Ваул рассмеялся, и морщинки разбежались лучиками по его лицу. Софи тоже усмехнулась, хотя сердце отнюдь не лежало к веселью. Шли часы, и ею все больше завладевала тревога. Иногда ей мерещилось, что вдали, в мерцании волн, показался парус, но иллюзия быстро рассеивалась, и всплески надежды становились все глуше и глуше, пока совершенно не иссякли, обернувшись давящей пустотой внутри. Софи заметила, что бурятские женщины, чьи мужья ушли на рыбалку вместе с Николаем, стали часто появляться на берегу, и лица у них были озабоченные. Несколько раз она пыталась заговорить с ними, но они не отвечали – напряженные, с пугливым взглядом, нахмуренным лбом. Только теребили амулеты своими черными от грязи пальцами – почти непрерывно. Похоже один только Ваул сохранял незыблемое спокойствие:
– С ними не может ничего случиться! Они отлично управляются со снастями…
Поначалу его безмятежная твердость успокаивала и Софи, потом стала выводить из себя, и с наступлением темноты она взорвалась:
– В конце концов, нельзя же так сидеть с утра до ночи сложа руки и ждать!
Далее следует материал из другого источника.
(* Let $p,q,r$ be pairwise distinct primes with $p<q$ and $p<r$. Let $q',r'\in\{1,\dots,p-1\}$ be the inverses of $q,r$ modulo $p$, and let $M=\max\{q',r'\}$, $m=\min\{q',r'\}$. Then for every integer $k$, $$F_k-F_{k-q}-F_{k-r}+F_{k-q-r}=\begin{cases}0,& a_k<M+m-p,\\ -1,& M+m-p\le a_k<m,\\ 0,& m\le a_k<M,\\ 1,& M\le a_k<M+m,\\ 0,& M+m\le a_k.\end{cases}$$ More generally, let $(t,u,v)$ be any permutation of $(p,q,r)$, let $x_k$ denote $a_k$, $b_k$ or $c_k$ according as $t=p$, $t=q$ or $t=r$, let $u',v'\in\{1,\dots,t-1\}$ be the inverses of $u,v$ modulo $t$, and $M=\max\{u',v'\}$, $m=\min\{u',v'\}$. Then the same formula holds for $F_k-F_{k-u}-F_{k-v}+F_{k-u-v}$ with $a_k$ replaced by $x_k$ and $p$ replaced by $t$.
   Context: For each integer $k$, let $a_k,b_k,c_k$ be the unique integers with $0\le a_k<p$, $0\le b_k<q$, $0\le c_k<r$ and $k\equiv a_kqr+b_krp+c_kpq \pmod{pqr}$, and define $F_k=\frac{a_k}{p}+\frac{b_k}{q}+\frac{c_k}{r}-\frac{k}{pqr}$. *)

theory Defs
  imports "HOL-Number_Theory.Number_Theory"
begin

definition abc :: "int \<Rightarrow> int \<Rightarrow> int \<Rightarrow> int \<Rightarrow> int \<times> int \<times> int" where
  "abc p q r k = (THE x. case x of (a, b, c) \<Rightarrow>
      0 \<le> a \<and> a < p \<and> 0 \<le> b \<and> b < q \<and> 0 \<le> c \<and> c < r \<and>
      [k = a * q * r + b * r * p + c * p * q] (mod p * q * r))"

definition acoord :: "int \<Rightarrow> int \<Rightarrow> int \<Rightarrow> int \<Rightarrow> int" where
  "acoord p q r k = fst (abc p q r k)"

definition bcoord :: "int \<Rightarrow> int \<Rightarrow> int \<Rightarrow> int \<Rightarrow> int" where
  "bcoord p q r k = fst (snd (abc p q r k))"

definition ccoord :: "int \<Rightarrow> int \<Rightarrow> int \<Rightarrow> int \<Rightarrow> int" where
  "ccoord p q r k = snd (snd (abc p q r k))"

definition Fk :: "int \<Rightarrow> int \<Rightarrow> int \<Rightarrow> int \<Rightarrow> real" where
  "Fk p q r k = real_of_int (acoord p q r k) / real_of_int p
              + real_of_int (bcoord p q r k) / real_of_int q
              + real_of_int (ccoord p q r k) / real_of_int r
              - real_of_int k / real_of_int (p * q * r)"

end

theory Submission
  imports Defs
begin

text \<open>
  Write \<open>t\<close> for the distinguished prime and \<open>u, v\<close> for the other two.  The
  coordinate \<open>x_j\<close> belonging to \<open>t\<close> is the unique residue in \<open>[0, t)\<close> with
  \<open>x_j u v \<equiv> j (mod t)\<close>, and likewise for the other two coordinates.  Hence subtracting
  \<open>u\<close> from \<open>j\<close> leaves the \<open>u\<close>-coordinate unchanged and replaces \<open>x_j\<close> by
  \<open>(x_j - v') mod t\<close>, because \<open>u \<equiv> v' u v (mod t)\<close>; symmetrically for \<open>v\<close>.  In the
  second difference \<open>F_k - F_{k-u} - F_{k-v} + F_{k-u-v}\<close> the \<open>u\<close>- and \<open>v\<close>-coordinates
  and the linear term therefore cancel, leaving
  \<open>(x - (x - v') mod t - (x - u') mod t + (x - u' - v') mod t) / t\<close> with \<open>x = x_k\<close>,
  which is evaluated by counting the wrap-arounds of the three residues.
\<close>

definition residue_coord :: "int \<Rightarrow> int \<Rightarrow> (int \<Rightarrow> int) \<Rightarrow> bool" where
  "residue_coord s P X \<longleftrightarrow> (\<forall>j. 0 \<le> X j \<and> X j < s \<and> [X j * P = j] (mod s))"

lemma residue_of_cofactor_unique:
  fixes s P y y' j :: int
  assumes "coprime P s" "0 \<le> y" "y < s" "0 \<le> y'" "y' < s"
    and "[y * P = j] (mod s)" "[y' * P = j] (mod s)"
  shows "y = y'"
proof -
  have "[y * P = y' * P] (mod s)"
    using assms(6,7) by (metis cong_sym cong_trans)
  hence "[y = y'] (mod s)"
    using assms(1) by (simp add: cong_mult_rcancel)
  thus ?thesis
    using assms(2-5) by (simp add: cong_less_imp_eq_int)
qed

lemma residue_of_cofactor_exists:
  fixes s P j :: int
  assumes "0 < s" "coprime P s"
  obtains y where "0 \<le> y" "y < s" "[y * P = j] (mod s)"
proof -
  obtain i where i: "[P * i = 1] (mod s)"
    using cong_solve_coprime_int[OF assms(2)] by blast
  have "[(j * i) mod s * P = j * (P * i)] (mod s)"
    by (simp add: cong_def mod_mult_right_eq ac_simps)
  also have "[j * (P * i) = j * 1] (mod s)"
    using i by (rule cong_scalar_left)
  finally show ?thesis
    using assms(1) by (intro that[of "(j * i) mod s"]) simp_all
qed

lemma crt_triple_cong_iff:
  fixes p q r a b c k :: int
  assumes "coprime p q" "coprime q r" "coprime p r"
  shows "[k = a*q*r + b*r*p + c*p*q] (mod p*q*r) \<longleftrightarrow>
         [a*(q*r) = k] (mod p) \<and> [b*(r*p) = k] (mod q) \<and> [c*(p*q) = k] (mod r)"
    (is "[k = ?S] (mod _) \<longleftrightarrow> _")
proof -
  have "[?S = a*(q*r)] (mod p)"
    by (simp add: cong_iff_dvd_diff algebra_simps)
  moreover have "[?S = b*(r*p)] (mod q)"
    by (simp add: cong_iff_dvd_diff algebra_simps)
  moreover have "[?S = c*(p*q)] (mod r)"
    by (simp add: cong_iff_dvd_diff algebra_simps)
  moreover have "[k = ?S] (mod p*q*r) \<longleftrightarrow>
      [k = ?S] (mod p) \<and> [k = ?S] (mod q) \<and> [k = ?S] (mod r)"
  proof
    assume "[k = ?S] (mod p*q*r)"
    then show "[k = ?S] (mod p) \<and> [k = ?S] (mod q) \<and> [k = ?S] (mod r)"
      by (metis cong_dvd_modulus dvd_triv_left dvd_triv_right dvd_mult2 mult.assoc)
  next
    assume "[k = ?S] (mod p) \<and> [k = ?S] (mod q) \<and> [k = ?S] (mod r)"
    moreover have "coprime (p*q) r"
      using assms by simp
    ultimately show "[k = ?S] (mod p*q*r)"
      using assms(1) by (meson coprime_cong_mult)
  qed
  ultimately show ?thesis
    by (meson cong_sym cong_trans)
qed

lemma abc_eqI:
  fixes p q r a b c k :: int
  assumes cop: "coprime p q" "coprime q r" "coprime p r"
    and ranges: "0 \<le> a" "a < p" "0 \<le> b" "b < q" "0 \<le> c" "c < r"
    and congs: "[a*(q*r) = k] (mod p)" "[b*(r*p) = k] (mod q)" "[c*(p*q) = k] (mod r)"
  shows "abc p q r k = (a, b, c)"
  unfolding abc_def
proof (rule the_equality)
  show "case (a, b, c) of (a, b, c) \<Rightarrow> 0 \<le> a \<and> a < p \<and> 0 \<le> b \<and> b < q \<and> 0 \<le> c \<and> c < r \<and>
      [k = a * q * r + b * r * p + c * p * q] (mod p * q * r)"
    using ranges congs by (simp add: crt_triple_cong_iff[OF cop])
next
  fix x
  assume "case x of (a, b, c) \<Rightarrow> 0 \<le> a \<and> a < p \<and> 0 \<le> b \<and> b < q \<and> 0 \<le> c \<and> c < r \<and>
      [k = a * q * r + b * r * p + c * p * q] (mod p * q * r)"
  then obtain a' b' c' where x: "x = (a', b', c')"
    and ranges': "0 \<le> a'" "a' < p" "0 \<le> b'" "b' < q" "0 \<le> c'" "c' < r"
    and congs': "[a'*(q*r) = k] (mod p)" "[b'*(r*p) = k] (mod q)" "[c'*(p*q) = k] (mod r)"
    by (auto simp: crt_triple_cong_iff[OF cop] split: prod.splits)
  have "coprime (q*r) p" "coprime (r*p) q" "coprime (p*q) r"
    using cop by (simp_all add: coprime_commute)
  then have "a' = a" "b' = b" "c' = c"
    using residue_of_cofactor_unique ranges ranges' congs congs' by metis+
  then show "x = (a, b, c)"
    using x by simp
qed

lemma abc_residue_coords:
  fixes p q r :: int
  assumes pos: "0 < p" "0 < q" "0 < r"
    and cop: "coprime p q" "coprime q r" "coprime p r"
  shows "residue_coord p (q*r) (acoord p q r)" "residue_coord q (r*p) (bcoord p q r)"
    "residue_coord r (p*q) (ccoord p q r)"
proof -
  have cof: "coprime (q*r) p" "coprime (r*p) q" "coprime (p*q) r"
    using cop by (simp_all add: coprime_commute)
  have "0 \<le> acoord p q r k \<and> acoord p q r k < p \<and> [acoord p q r k * (q*r) = k] (mod p) \<and>
        0 \<le> bcoord p q r k \<and> bcoord p q r k < q \<and> [bcoord p q r k * (r*p) = k] (mod q) \<and>
        0 \<le> ccoord p q r k \<and> ccoord p q r k < r \<and> [ccoord p q r k * (p*q) = k] (mod r)" for k
  proof -
    obtain a where a: "0 \<le> a" "a < p" "[a*(q*r) = k] (mod p)"
      using residue_of_cofactor_exists[OF pos(1) cof(1)] by blast
    obtain b where b: "0 \<le> b" "b < q" "[b*(r*p) = k] (mod q)"
      using residue_of_cofactor_exists[OF pos(2) cof(2)] by blast
    obtain c where c: "0 \<le> c" "c < r" "[c*(p*q) = k] (mod r)"
      using residue_of_cofactor_exists[OF pos(3) cof(3)] by blast
    have "abc p q r k = (a, b, c)"
      using abc_eqI[OF cop a(1,2) b(1,2) c(1,2) a(3) b(3) c(3)] .
    then show ?thesis
      using a b c by (simp add: acoord_def bcoord_def ccoord_def)
  qed
  then show "residue_coord p (q*r) (acoord p q r)" "residue_coord q (r*p) (bcoord p q r)"
    "residue_coord r (p*q) (ccoord p q r)"
    by (simp_all add: residue_coord_def)
qed

lemma residue_coord_shift:
  fixes s P w d j :: int and X :: "int \<Rightarrow> int"
  assumes X: "residue_coord s P X" and "0 < s" "coprime P s"
    and w: "[w * P = d] (mod s)"
  shows "X (j - d) = (X j - w) mod s"
proof -
  have "[(X j - w) mod s * P = (X j - w) * P] (mod s)"
    by (simp add: cong_def mod_mult_left_eq)
  also have "(X j - w) * P = X j * P - w * P"
    by (simp add: algebra_simps)
  also have "[X j * P - w * P = j - d] (mod s)"
    using X w by (intro cong_diff) (simp_all add: residue_coord_def)
  finally have "[(X j - w) mod s * P = j - d] (mod s)" .
  moreover have "0 \<le> (X j - w) mod s" "(X j - w) mod s < s"
    using \<open>0 < s\<close> by simp_all
  ultimately show ?thesis
    using X \<open>coprime P s\<close> residue_of_cofactor_unique unfolding residue_coord_def by metis
qed

definition window :: "int \<Rightarrow> int \<Rightarrow> int \<Rightarrow> int \<Rightarrow> int" where
  "window t u' v' x = (let M = max u' v'; m = min u' v' in
     if x < M + m - t then 0
     else if M + m - t \<le> x \<and> x < m then -1
     else if m \<le> x \<and> x < M then 0
     else if M \<le> x \<and> x < M + m then 1
     else 0)"

lemma of_int_window:
  "real_of_int (window t u' v' x) = (let M = max u' v'; m = min u' v' in
     if x < M + m - t then 0
     else if M + m - t \<le> x \<and> x < m then -1
     else if m \<le> x \<and> x < M then 0
     else if M \<le> x \<and> x < M + m then 1
     else 0)"
  by (simp add: window_def Let_def)

lemma mod_eq_add_multiple:
  fixes y c t :: int
  assumes "0 \<le> y + c * t" "y + c * t < t"
  shows "y mod t = y + c * t"
  using assms by (metis mod_mult_self1 mod_pos_pos_trivial)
Ваул подмигнул левым глазом – правый, бледный и выпуклый, напоминал белок сваренного вкрутую яйца.
– Будь спокойна, я поговорил с духами, они за нас. К завтрему все уладится. А пока – не жди здесь, отправляйся домой. Тебе надо покушать и отдохнуть. Выспаться. Если будут какие новости, скажу.
Но Софи наотрез отказалась. Ей не хотелось уходить от озера. Буряты принялись разжигать костры, чтобы рыбакам лучше был виден берег. От мокрых поленьев повалил густой дым, потом появилось и пламя, язычки его весело заскакали во тьме. Ночь сразу стала более живой, на волнах закачались золотые отблески.
Наступило время ужина, и семьи собрались по своим логовам. Сев в кружок, мужчины, женщины и дети ели вяленое мясо, запивая его плиточным чаем. Софи не могла есть, не могла спать. Ей даже и не хотелось. Тем не менее, она согласилась лечь на подстилку в юрте вождя. Сам он, его жена и четверо детей мгновенно уснули, и старик захрапел, то рыча, то повизгивая, то со свистом. Вонь стояла невыносимая. Ночью страхи Софи приобрели уже просто неимоверные масштабы, но еще увеличивались с каждым биением сердца. Ей слышались шаги по прибрежным камешкам, плеск от удара весла о воду, вздохи, стоны… Она бросилась на берег. Никого. Костры угасали. Вдалеке черные волны с белыми гребешками совершали свое мерное, бесконечное движение. Она, как полоумная, вертела туда-сюда головой в надежде хоть что-то разглядеть во мраке, ее трясло от холода и от страха. Вернулась в юрту, прилегла на подстилку: старик прав, надо отдохнуть хоть несколько минут. И ее навязчивая идея была так сильна, что и во сне ей казалось, будто она стоит на берегу озера и до боли в глазах вглядывается в бегущие волны.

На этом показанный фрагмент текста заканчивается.